Pyicos EA can have read counts or reads per kilobase per million reads (RPKM) (Mortazavi et al., 2008) as input; or alternatively, directly the BED files with regions and read coordinates, overcoming the need of an additional tool to count reads. Additionally, Pyicos can calculate enriched regions de novo by scanning the samples provided, using two configurable parameters, the proximity between two reads to be taken as part of the same region, and the minimum number of reads in the region to be considered.
To assess the accuracy of Pyicos in the prediction of DE genes, we compared it to three other methods, DEGseq (Wang et al., 2010), DESeq (Anders and Huber, 2010) and edgeR (Robinson et al., 2010); using published datasets for RNA-Seq and equivalent microarray experiments for liver and kidney samples (Marioni et al., 2008). First, we mapped the microarray results to the Ensembl annotation (Flicek et al., 2011). Then, using the microarray data, we defined a benchmarking set composed of DE and non-DE genes. DE genes were defined to have False Discovery Rate (FDR) <0.001 and an absolute log2-fold change >0.5 (Marioni et al., 2008), regardless of whether they are up- or down-regulated. Non-DE genes were defined to have an FDR >0.01 and an absolute log2-fold change of at most 0.5. This benchmarking set is composed of 6700 DE genes and 7060 non-DE genes. To predict DE genes, we considered for each Ensembl locus the mean of the values for read counts or RPKM for the corresponding Ensembl transcripts in the locus. The RPKM and read count per transcript were calculated with reads falling within the exons of each transcript. A pseudocount of one read per transcript was added to be able to operate with transcripts whose exons did not have any reads in any of the samples. We estimated the TPs and FPs as the number of predicted DE (enriched or depleted) genes that were annotated as DE or non-DE genes in the benchmarking set, respectively. ROC curves were calculated by considering increasing absolute values of the Z-score or −log10(P-value) for the predictions for each method. We also calculated precision–recall curves along Z-score thresholds, where precision is the ratio of TP over the number of predicted cases and recall is the same as the TPR.

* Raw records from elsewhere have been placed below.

lemma short_step_decrease:
  fixes S :: "'a::euclidean_space set" and f :: "'a \<Rightarrow> real" and grad :: "'a \<Rightarrow> 'a"
  assumes "convex S"
    and diff: "\<And>y. y \<in> S \<Longrightarrow> (f has_derivative (\<lambda>h. grad y \<bullet> h)) (at y within S)"
    and lip: "\<And>y z. y \<in> S \<Longrightarrow> z \<in> S \<Longrightarrow> norm (grad y - grad z) \<le> L * norm (y - z)"
    and "x \<in> S" "s \<in> S"
    and a: "a \<le> grad x \<bullet> (x - s)" "a \<le> C"
    and C: "L * (norm (s - x))\<^sup>2 \<le> C" "0 < C"
  shows "f (x + (max a 0 / C) *\<^sub>R (s - x)) \<le> f x - (max a 0)\<^sup>2 / (2 * C)"
proof -
  define \<alpha> where "\<alpha> = max a 0 / C"
  have \<alpha>: "0 \<le> \<alpha>" "\<alpha> \<le> 1" using a C by (auto simp: \<alpha>_def)
  have "f (x + \<alpha> *\<^sub>R (s - x))
      \<le> f x + grad x \<bullet> (\<alpha> *\<^sub>R (s - x)) + L / 2 * (norm (\<alpha> *\<^sub>R (s - x)))\<^sup>2"
    using lipschitz_gradient_upper_bound[OF assms(1) diff lip \<open>x \<in> S\<close>
        convex_step_mem[OF assms(1) \<open>x \<in> S\<close> \<open>s \<in> S\<close> \<alpha>]] by simp
  also have "\<dots> = f x - \<alpha> * (grad x \<bullet> (x - s)) + \<alpha>\<^sup>2 / 2 * (L * (norm (s - x))\<^sup>2)"
  proof -
    have "grad x \<bullet> (\<alpha> *\<^sub>R (s - x)) = - \<alpha> * (grad x \<bullet> (x - s))"
      by (simp add: inner_diff_right algebra_simps)
    moreover have "norm (\<alpha> *\<^sub>R (s - x)) = \<alpha> * norm (s - x)" using \<alpha> by simp
    ultimately show ?thesis by (simp add: power_mult_distrib)
  qed
  also have "\<dots> \<le> f x - \<alpha> * a + \<alpha>\<^sup>2 / 2 * C"
    using a C \<alpha> by (intro add_mono diff_mono mult_left_mono) auto
  also have "\<dots> = f x - (max a 0)\<^sup>2 / (2 * C)"
    using C by (simp add: \<alpha>_def max_def power2_eq_square field_simps)
  finally show ?thesis by (simp add: \<alpha>_def)
qed
lemma lower_BK_flow_le_lower_BK_map:
  assumes fl: "is_flow X \<phi>" and lip: "unif_lipschitz_flow X \<phi> L"
    and \<mu>: "prob_space \<mu>" "sets \<mu> = sets (restrict_space borel X)" and "0 < \<epsilon>" and x: "x \<in> X"
  shows "lower_BK_flow X \<mu> \<phi> x \<epsilon> \<le> lower_BK_map X \<mu> (\<phi> 1) x (\<epsilon> / L 1)"
proof -
  let ?g = "\<lambda>t. neg_log_rate \<mu> (bowen_ball_flow X \<phi> t x \<epsilon>) t"
  have "lower_BK_flow X \<mu> \<phi> x \<epsilon> \<le> Liminf sequentially (\<lambda>n. ?g (real n))"
    unfolding lower_BK_flow_def by (rule Liminf_compose_filterlim_ge[OF filterlim_real_sequentially])
  also have "\<dots> \<le> lower_BK_map X \<mu> (\<phi> 1) x (\<epsilon> / L 1)"
    unfolding lower_BK_map_def
  proof (rule Liminf_mono)
    show "eventually (\<lambda>n. ?g (real n)
        \<le> neg_log_rate \<mu> (bowen_ball_map X (\<phi> 1) n x (\<epsilon> / L 1)) (real n)) sequentially"
      using eventually_gt_at_top[of "0::nat"]
    proof eventually_elim
      case (elim n)
      show ?case
        using \<mu> sets_bowen_ball_flow[OF fl x] elim \<open>0 < \<epsilon>\<close>
        by (intro neg_log_rate_antimono bowen_ball_map_time_one_subset_flow[OF fl lip x]) auto
    qed
  qed
  finally show ?thesis .
qed

lemma upper_BK_flow_le_upper_BK_map:
  assumes fl: "is_flow X \<phi>" and lip: "unif_lipschitz_flow X \<phi> L"
    and \<mu>: "prob_space \<mu>" "sets \<mu> = sets (restrict_space borel X)" and "0 < \<epsilon>" and x: "x \<in> X"
  shows "upper_BK_flow X \<mu> \<phi> x \<epsilon> \<le> upper_BK_map X \<mu> (\<phi> 1) x (\<epsilon> / L 1)"
proof -
  let ?a = "\<lambda>n. neg_log_rate \<mu> (bowen_ball_map X (\<phi> 1) n x (\<epsilon> / L 1)) (real n)"
  have "eventually (\<lambda>t. neg_log_rate \<mu> (bowen_ball_flow X \<phi> t x \<epsilon>) t
      \<le> ereal (real (nat \<lceil>t\<rceil>) / t) * ?a (nat \<lceil>t\<rceil>)) at_top"
    using eventually_gt_at_top[of "0::real"]
  proof eventually_elim
    case (elim t)
    have "neg_log_rate \<mu> (bowen_ball_flow X \<phi> t x \<epsilon>) t
        \<le> neg_log_rate \<mu> (bowen_ball_map X (\<phi> 1) (nat \<lceil>t\<rceil>) x (\<epsilon> / L 1)) t"
      using \<mu> sets_bowen_ball_flow[OF fl x] elim \<open>0 < \<epsilon>\<close>
      by (intro neg_log_rate_antimono bowen_ball_map_time_one_subset_flow[OF fl lip x]) auto
    also have "\<dots> = ereal (real (nat \<lceil>t\<rceil>) / t) * ?a (nat \<lceil>t\<rceil>)"
      using elim by (intro neg_log_rate_rescale) auto
    finally show ?case .
  qed
  then have "upper_BK_flow X \<mu> \<phi> x \<epsilon>
      \<le> Limsup at_top (\<lambda>t. ereal (real (nat \<lceil>t\<rceil>) / t) * ?a (nat \<lceil>t\<rceil>))"
    unfolding upper_BK_flow_def by (rule Limsup_mono)
  also have "\<dots> \<le> Limsup at_top (\<lambda>t::real. ?a (nat \<lceil>t\<rceil>))"
  proof (rule Limsup_mult_tendsto_one_le)
    show "((\<lambda>t. real (nat \<lceil>t\<rceil>) / t) \<longlongrightarrow> 1) at_top" by real_asymp
    show "eventually (\<lambda>t::real. 0 \<le> ?a (nat \<lceil>t\<rceil>)) at_top"
      using eventually_gt_at_top[of "0::real"]
      by eventually_elim (use \<mu> in \<open>auto intro: neg_log_rate_nonneg\<close>)
  qed
  also have "\<dots> \<le> upper_BK_map X \<mu> (\<phi> 1) x (\<epsilon> / L 1)"
    unfolding upper_BK_map_def by (rule Limsup_compose_filterlim_le[OF filterlim_nat_ceiling_sequentially])
  finally show ?thesis .
qed

theorem proposition3p1:
  fixes X :: "'a::metric_space set" and \<phi> :: "real \<Rightarrow> 'a \<Rightarrow> 'a"
    and Lf :: "real \<Rightarrow> real" and \<mu> :: "'a measure"
  assumes "compact X"
    and "is_flow X \<phi>"
    and "unif_lipschitz_flow X \<phi> Lf"
    and "prob_space \<mu>" and "space \<mu> = X" and "sets \<mu> = sets (restrict_space borel X)"
    and "\<epsilon> > 0" and "x \<in> X"
  shows "upper_BK_map X \<mu> (\<phi> 1) x \<epsilon> \<le> upper_BK_flow X \<mu> \<phi> x \<epsilon> \<and>
         upper_BK_flow X \<mu> \<phi> x \<epsilon> \<le> upper_BK_map X \<mu> (\<phi> 1) x (\<epsilon> / Lf 1) \<and>
         lower_BK_map X \<mu> (\<phi> 1) x \<epsilon> \<le> lower_BK_flow X \<mu> \<phi> x \<epsilon> \<and>
         lower_BK_flow X \<mu> \<phi> x \<epsilon> \<le> lower_BK_map X \<mu> (\<phi> 1) x (\<epsilon> / Lf 1)"
  using upper_BK_map_le_upper_BK_flow[OF assms(2,4,6,8)]
    upper_BK_flow_le_upper_BK_map[OF assms(2,3,4,6,7,8)]
    lower_BK_map_le_lower_BK_flow[OF assms(2,4,6,8)]
    lower_BK_flow_le_lower_BK_map[OF assms(2,3,4,6,7,8)]
  by blast

end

We performed EA on broad ChIP-Seq signals using ENCODE data for H3K36me3 and RNAPII, and correlated the results to the enrichment of RNA-Seq data, for the K562 and NHEK cells (ENCODE Consortium, 2011). The calculation of significantly enriched or depleted regions was based on RPKM values. Replicas 1 and 2 from K562 and replica 1 from NHEK were used to calculate enrichment on three different types of regions from the Ensembl annotation (Flicek et al., 2011): for H3K36me3 we used the transcript-body, spanning from the transcription start site (TSS) to the transcription termination site (TTS); for RNAPII we used a window of 4 kb around the TSS; and the transcript exons for RNA-Seq, as before. Significant regions were defined as those with an absolute Z-score >10. We calculated the Pearson's correlation coefficient of Z-scores from significant regions between H3K36me3 and RNA-Seq, as well as between RNAPII and RNA-Seq.
To test the memory usage and running time of the callpeaks protocol, we used ChIP-Seq data for the human transcription factor CEBPA (Schmidt et al., 2010). To simulate files of different sizes, we first pooled together all available reads and took random subsets with an increasing size step of 3 million reads, up to 30 million reads, separately for sample and control. In each run, we subsampled two random sets of equal size from the ChIP-Seq reads and from control, using steps of 3 million reads.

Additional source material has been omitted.